今回のデモサイト作成にかかった時間は半日くらいです。WordPress のセットアップで30分くらい、「試したけど使えなかった方法」を試すのに1時間強なので、34記事のコンテンツ作成には2時間弱しかかかっていません。

今回は、デモ用に IT、ソフトウェア、スポーツ、お酒等、ある程度投稿内容の話題をばらけさせましたが、当然1つの話題に絞ることも出来ます。また、今回使った instructions はいい加減な内容でしたが、もう少しちゃんとした内容にすれば、統一感のある投稿にも出来ます。

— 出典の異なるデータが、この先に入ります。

lemma coeff_bessel_ode_lhs:
  fixes p :: "'a::idom poly"
  shows "coeff ([:0,1:]^2 * pderiv (pderiv p) + [:2,2:] * pderiv p) k
     = of_nat k * (of_nat k + 1) * coeff p k + 2 * of_nat (Suc k) * coeff p (Suc k)"
proof -
  have "[:2,2:] * pderiv p = smult 2 (pderiv p) + smult 2 ([:0,1:] * pderiv p)"
    by simp
  then show ?thesis
    by (simp only: coeff_add coeff_smult coeff_X2_mult_pderiv2 coeff_X_mult_pderiv coeff_pderiv)
       (simp add: algebra_simps)
qed

lemma poly_bessel_ode:
  assumes "bessel_ode p L"
  shows "w^2 * poly (pderiv (pderiv p)) w + (2*w + 2) * poly (pderiv p) w = L * poly p w"
  using arg_cong[OF assms[unfolded bessel_ode_def], of "\<lambda>q. poly q w"]
  by (simp add: algebra_simps power2_eq_square)

lemma poly_pderiv_bessel_ode:
  assumes "bessel_ode p L"
  shows "w^2 * poly (pderiv (pderiv (pderiv p))) w + (4*w + 2) * poly (pderiv (pderiv p)) w
           + 2 * poly (pderiv p) w = L * poly (pderiv p) w"
  using arg_cong[OF assms[unfolded bessel_ode_def], of "\<lambda>q. poly (pderiv q) w"]
  by (simp add: pderiv_mult pderiv_add pderiv_pCons pderiv_smult algebra_simps power2_eq_square)

lemma poly_pderiv_pcompose_neg:
  fixes p :: "'a::idom poly"
  shows "poly (pcompose p [:0,-1:]) w = poly p (-w)"
    and "poly (pderiv (pcompose p [:0,-1:])) w = - poly (pderiv p) (-w)"
    and "poly (pderiv (pderiv (pcompose p [:0,-1:]))) w = poly (pderiv (pderiv p)) (-w)"
    and "poly (pderiv (pderiv (pderiv (pcompose p [:0,-1:])))) w
           = - poly (pderiv (pderiv (pderiv p))) (-w)"
  by (simp_all add: poly_pcompose pderiv_pcompose pderiv_pCons pderiv_mult pderiv_minus)

lemma bessel_ode_invariant:
  fixes p :: "'a::{idom,ring_char_0} poly"
  assumes ode: "bessel_ode p L"
  shows "2 * poly p w * poly p (-w)
           + w^2 * (poly (pderiv p) w * poly p (-w) + poly p w * poly (pderiv p) (-w))
         = 2 * poly p 0 ^ 2"
proof -
  define q where "q = pcompose p [:0,-1:]"
  define H where "H = smult 2 (p * q) + [:0,1:]^2 * (pderiv p * q - p * pderiv q)"
  have "poly (pderiv H) v = 0" for v
  proof -
    have "poly (pderiv H) v
        = 2 * (poly (pderiv p) v * poly p (-v) - poly p v * poly (pderiv p) (-v))
          + 2 * v * (poly (pderiv p) v * poly p (-v) + poly p v * poly (pderiv p) (-v))
          + v^2 * (poly (pderiv (pderiv p)) v * poly p (-v)
                   - poly p v * poly (pderiv (pderiv p)) (-v))"
      unfolding H_def q_def
      by (simp add: pderiv_mult pderiv_add pderiv_diff pderiv_smult pderiv_power pderiv_pCons
          poly_pderiv_pcompose_neg algebra_simps power2_eq_square)
    with poly_bessel_ode[OF ode, of v] poly_bessel_ode[OF ode, of "-v"] show ?thesis
      by algebra
  qed
  then have "pderiv H = 0"
    using poly_eq_poly_eq_iff[of "pderiv H" 0] by auto
  then have "poly H w = poly H 0"
    by (simp add: pderiv_eq_0_iff poly_altdef)
  then show ?thesis
    unfolding H_def q_def by (simp add: poly_pderiv_pcompose_neg algebra_simps power2_eq_square)
qed

lemma product_bessel_ode:
  fixes p :: "'a::{idom,ring_char_0} poly"
  assumes ode: "bessel_ode p L"
  defines "P \<equiv> p * pcompose p [:0,-1:]"
  shows "[:0,1:] * ([:0,1:]^3 * pderiv (pderiv (pderiv P)) + smult 6 ([:0,1:]^2 * pderiv (pderiv P))
           + smult (6 - 4 * L) ([:0,1:] * pderiv P) - smult (4 * L) P) = smult 4 (pderiv P)"
proof -
  have "poly ([:0,1:] * ([:0,1:]^3 * pderiv (pderiv (pderiv P))
                 + smult 6 ([:0,1:]^2 * pderiv (pderiv P))
                 + smult (6 - 4 * L) ([:0,1:] * pderiv P) - smult (4 * L) P)) v
        = poly (smult 4 (pderiv P)) v" for v
    using poly_bessel_ode[OF ode, of v] poly_bessel_ode[OF ode, of "-v"]
      poly_pderiv_bessel_ode[OF ode, of v] poly_pderiv_bessel_ode[OF ode, of "-v"]
    unfolding P_def
    by (simp add: pderiv_mult pderiv_add poly_pderiv_pcompose_neg power2_eq_square power3_eq_cube)
       algebra
  then show ?thesis
    using poly_eq_poly_eq_iff by blast
qed

lemma coeff_product_bessel_ode:
  fixes p :: "'a::{idom,ring_char_0} poly"
  assumes ode: "bessel_ode p L"
  defines "P \<equiv> p * pcompose p [:0,-1:]"
  shows "coeff P 1 = 0"
    and "4 * of_nat (k + 2) * coeff P (k + 2)
           = of_nat (k + 1) * (of_nat k * (of_nat k + 2) - 4 * L) * coeff P k"
proof -
  note eq = product_bessel_ode[OF ode, folded P_def]
  show "coeff P 1 = 0"
    using arg_cong[OF eq, of "\<lambda>q. coeff q 0"] by (simp add: coeff_pderiv)
  show "4 * of_nat (k + 2) * coeff P (k + 2)
          = of_nat (k + 1) * (of_nat k * (of_nat k + 2) - 4 * L) * coeff P k"
  proof -
    have "coeff ([:0,1:] * q) (Suc k) = coeff q k" for q :: "'a poly" by simp
    from this arg_cong[OF eq, of "\<lambda>q. coeff q (Suc k)"] show ?thesis
      by (simp only: coeff_add coeff_diff coeff_smult coeff_pderiv
          coeff_X3_mult_pderiv3 coeff_X2_mult_pderiv2 coeff_X_mult_pderiv)
         (simp add: algebra_simps)
  qed
qed

section \<open>Bessel polynomials\<close>

definition bessel_coeff :: "nat \<Rightarrow> nat \<Rightarrow> real" where
  "bessel_coeff n k = fact (n + k) / (fact (n - k) * fact k * 2 ^ k)"

lemma coeff_bessel_poly:
  "coeff (bessel_poly n) k = (if k \<le> n then complex_of_real (bessel_coeff n k) else 0)"
  unfolding bessel_poly_def bessel_coeff_def by (simp add: coeff_sum coeff_monom)

lemma bessel_coeff_pos: "k \<le> n \<Longrightarrow> bessel_coeff n k > 0"
  unfolding bessel_coeff_def by simp

lemma bessel_coeff_Suc:
  assumes "k < n"
  shows "2 * (real k + 1) * bessel_coeff n (Suc k)
           = (real n * (real n + 1) - real k * (real k + 1)) * bessel_coeff n k"
proof -
  obtain m where n: "n = Suc (k + m)" using assms less_imp_Suc_add by blast
  have "n + Suc k = Suc (n + k)" "n - k = Suc m" "n - Suc k = m" using n by auto
  moreover have "real n * (real n + 1) - real k * (real k + 1) = (real m + 1) * real (Suc (n + k))"
    using n by (simp add: algebra_simps)
  ultimately show ?thesis
    unfolding bessel_coeff_def fact_Suc of_nat_mult power_Suc
    by (simp add: divide_simps del: of_nat_Suc) (simp add: algebra_simps)
qed

lemma degree_bessel_poly: "degree (bessel_poly n) = n"
proof (rule antisym)
  show "degree (bessel_poly n) \<le> n" by (rule degree_le) (simp add: coeff_bessel_poly)
  show "n \<le> degree (bessel_poly n)"
    by (rule le_degree) (simp add: coeff_bessel_poly bessel_coeff_pos less_imp_neq[symmetric])
qed

lemma poly_bessel_poly_0: "poly (bessel_poly n) 0 = 1"
  by (simp add: poly_0_coeff_0 coeff_bessel_poly bessel_coeff_def)

lemma bessel_ode_bessel_poly: "bessel_ode (bessel_poly n) (of_nat (n * (n + 1)))"
  unfolding bessel_ode_def
proof (rule poly_eqI)
  fix k
  have "2 * of_nat (Suc k) * coeff (bessel_poly n) (Suc k)
          = (of_nat (n * (n + 1)) - of_nat k * (of_nat k + 1)) * coeff (bessel_poly n) k"
  proof (cases "k < n")
    case True
    then show ?thesis
      using arg_cong[OF bessel_coeff_Suc[OF True], of complex_of_real]
      by (simp add: coeff_bessel_poly algebra_simps)
  next
    case False
    then show ?thesis by (cases "k = n") (simp_all add: coeff_bessel_poly algebra_simps)
  qed
  then show "coeff ([:0,1:]^2 * pderiv (pderiv (bessel_poly n))
                    + [:2,2:] * pderiv (bessel_poly n)) k
      = coeff (smult (of_nat (n * (n + 1))) (bessel_poly n)) k"
    unfolding coeff_bessel_ode_lhs by (simp add: algebra_simps)
qed

lemma bessel_poly_invariant:
  "2 * poly (bessel_poly n) w * poly (bessel_poly n) (-w)
     + w^2 * (poly (pderiv (bessel_poly n)) w * poly (bessel_poly n) (-w)
              + poly (bessel_poly n) w * poly (pderiv (bessel_poly n)) (-w)) = 2"
  using bessel_ode_invariant[OF bessel_ode_bessel_poly] by (simp add: poly_bessel_poly_0)

lemma rsquarefree_bessel_poly: "rsquarefree (bessel_poly n)"
  unfolding rsquarefree_roots
proof (intro allI notI)
  fix a
  assume "poly (bessel_poly n) a = 0 \<and> poly (pderiv (bessel_poly n)) a = 0"
  with bessel_poly_invariant[of n a] show False by simp
qed

section \<open>A closed form for R\<close>

lemma rsquarefree_sum_roots_inverse:
  fixes p :: "complex poly"
  assumes "rsquarefree p" and "poly p u \<noteq> 0"
  shows "(\<Sum>\<alpha> | poly p \<alpha> = 0. 1 / (u - \<alpha>)) = poly (pderiv p) u / poly p u"
proof -
  define Z where "Z = {\<alpha>. poly p \<alpha> = 0}"
  have "p \<noteq> 0" using assms(1) by (simp add: rsquarefree_def)
  then have fin: "finite Z" unfolding Z_def by (rule poly_roots_finite)
  have uZ: "u \<notin> Z" using assms(2) unfolding Z_def by simp
  have decomp: "smult (lead_coeff p) (\<Prod>z\<in>Z. [:-z, 1:]) = p"
    unfolding Z_def by (rule complex_poly_decompose_rsquarefree[OF assms(1)])
  have "poly p u = lead_coeff p * (\<Prod>z\<in>Z. u - z)"
    by (subst decomp[symmetric]) (simp add: poly_prod)
  moreover have "poly (pderiv p) u = lead_coeff p * (\<Sum>a\<in>Z. \<Prod>z\<in>Z-{a}. u - z)"
    by (subst decomp[symmetric])
       (simp add: pderiv_smult pderiv_prod pderiv_pCons poly_sum poly_prod)
  moreover have "(\<Prod>z\<in>Z-{a}. u - z) = (\<Prod>z\<in>Z. u - z) / (u - a)" if "a \<in> Z" for a
    using prod.remove[OF fin that, of "(-) u"] that uZ by (auto simp: eq_divide_eq)
  moreover have "(\<Prod>z\<in>Z. u - z) \<noteq> 0" using uZ fin by auto
  ultimately show ?thesis
    using assms(2) by (simp add: sum_divide_distrib Z_def[symmetric])
qed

1〜2年前までの SEO では有効だった、知識系のコンテンツを沢山作ってトラフィックを集めるという手法は、以前は CrowdWorks などで1文字○円などのライターを雇って行われていましたが、今では生成 AI で同じ事が簡単にできるようになりました。

そもそも、最近の SEO では、生成 AI なりクラウドソーシングで作ったような薄い内容のページは評価されませんし、最近では一般人の調べ物でも、「検索 -> 各種ウェブサイトで情報を得る」から「生成 AI に質問する」に変わってきています。

巷に溢れる情報を分かりやすく整理しただけのサイトはやはり厳しいですね。

個人の感情・体験がより重要に

これも色んなところで言われてますし私もどっかに書いた気がしますが、今後は AI に出来ない自分の感情を表現する、意見を述べる、あるいは体験したことについて述べるといった、N=1の情報・文章がより重視されると思います。

私自身も、以前に比べて積極的に人に会ったり新しい経験をしてみようと心がけるようになりました。

もしよければ、仕事で直接関わりのある方も無い方も、たまには直接会いましょう。メール・DM 等お待ちしてます。現在繋がってない方は X アカウント への DM でお願いします。

まとめ

デモ用途で、(lorem ipsum ではない)それっぽいちゃんとした文章が書かれたサイトを作る必要があったのですが、生成 AI を使うと簡単に作れました。

とまとめてしまうと、随分薄っぺらい内容の投稿ですね。